How to complete this task:
All lines from the one holding "definition relentless where" down to the last line of the entries are to be reproduced exactly, with no other lines.

[Data entries]

fun comp :: "('loc, 'lab) trans \<Rightarrow> 'loc set" where
  "comp (TauAt p) = {p}"
| "comp (ComT p l q) = {p, q}"

inductive step :: "('loc, 'lab, 'var) net \<Rightarrow> ('loc, 'lab) trans \<Rightarrow> ('loc, 'lab, 'var) net \<Rightarrow> bool" where
  choice: "\<lbrakk> N p = Some (Sel bs); k < length bs; bs ! k = (q, l, P) \<rbrakk>
           \<Longrightarrow> step N (TauAt p) (N(p \<mapsto> Out q l P))"
| unfold: "N p = Some (Mu X P) \<Longrightarrow> step N (TauAt p) (N(p \<mapsto> subst X (Mu X P) P))"
| comm: "\<lbrakk> N p = Some (Out q l Q); N q = Some (Bra bs); k < length bs; bs ! k = (p, l, P) \<rbrakk>
         \<Longrightarrow> step N (ComT p l q) (N(p \<mapsto> Q, q \<mapsto> P))"

text \<open>A path: states s 0, s 1, ..., transitions t 0, t 1, ..., of length len
  (number of transitions, possibly infinite); maximal: if finite, the last state
  has no outgoing transition.\<close>
definition is_path :: "(nat \<Rightarrow> ('loc, 'lab, 'var) net) \<Rightarrow> (nat \<Rightarrow> ('loc, 'lab) trans) \<Rightarrow> enat \<Rightarrow> bool" where
  "is_path s t len \<longleftrightarrow>
     (\<forall>i. enat i < len \<longrightarrow> step (s i) (t i) (s (Suc i))) \<and>
     (\<forall>n. len = enat n \<longrightarrow> (\<nexists>u N'. step (s n) u N'))"

text \<open>Generic fairness, parametrised by a notion of task: en x N (task x enabled
  in state N) and eng x u (transition u engages in task x).  The suffix starting
  at position i consists of states s j with i \<le> j \<le> len and transitions t j
  with i \<le> j < len.\<close>
definition relentless where
  "relentless en s len i x \<longleftrightarrow>
     (\<forall>j. i \<le> j \<longrightarrow> enat j \<le> len \<longrightarrow> (\<exists>k. j \<le> k \<and> enat k \<le> len \<and> en x (s k)))"

definition perpetual where
  "perpetual en s len i x \<longleftrightarrow> (\<forall>k. i \<le> k \<longrightarrow> enat k \<le> len \<longrightarrow> en x (s k))"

Finished task:
definition relentless where
  "relentless en s len i x \<longleftrightarrow>
     (\<forall>j. i \<le> j \<longrightarrow> enat j \<le> len \<longrightarrow> (\<exists>k. j \<le> k \<and> enat k \<le> len \<and> en x (s k)))"

definition perpetual where
  "perpetual en s len i x \<longleftrightarrow> (\<forall>k. i \<le> k \<longrightarrow> enat k \<le> len \<longrightarrow> en x (s k))"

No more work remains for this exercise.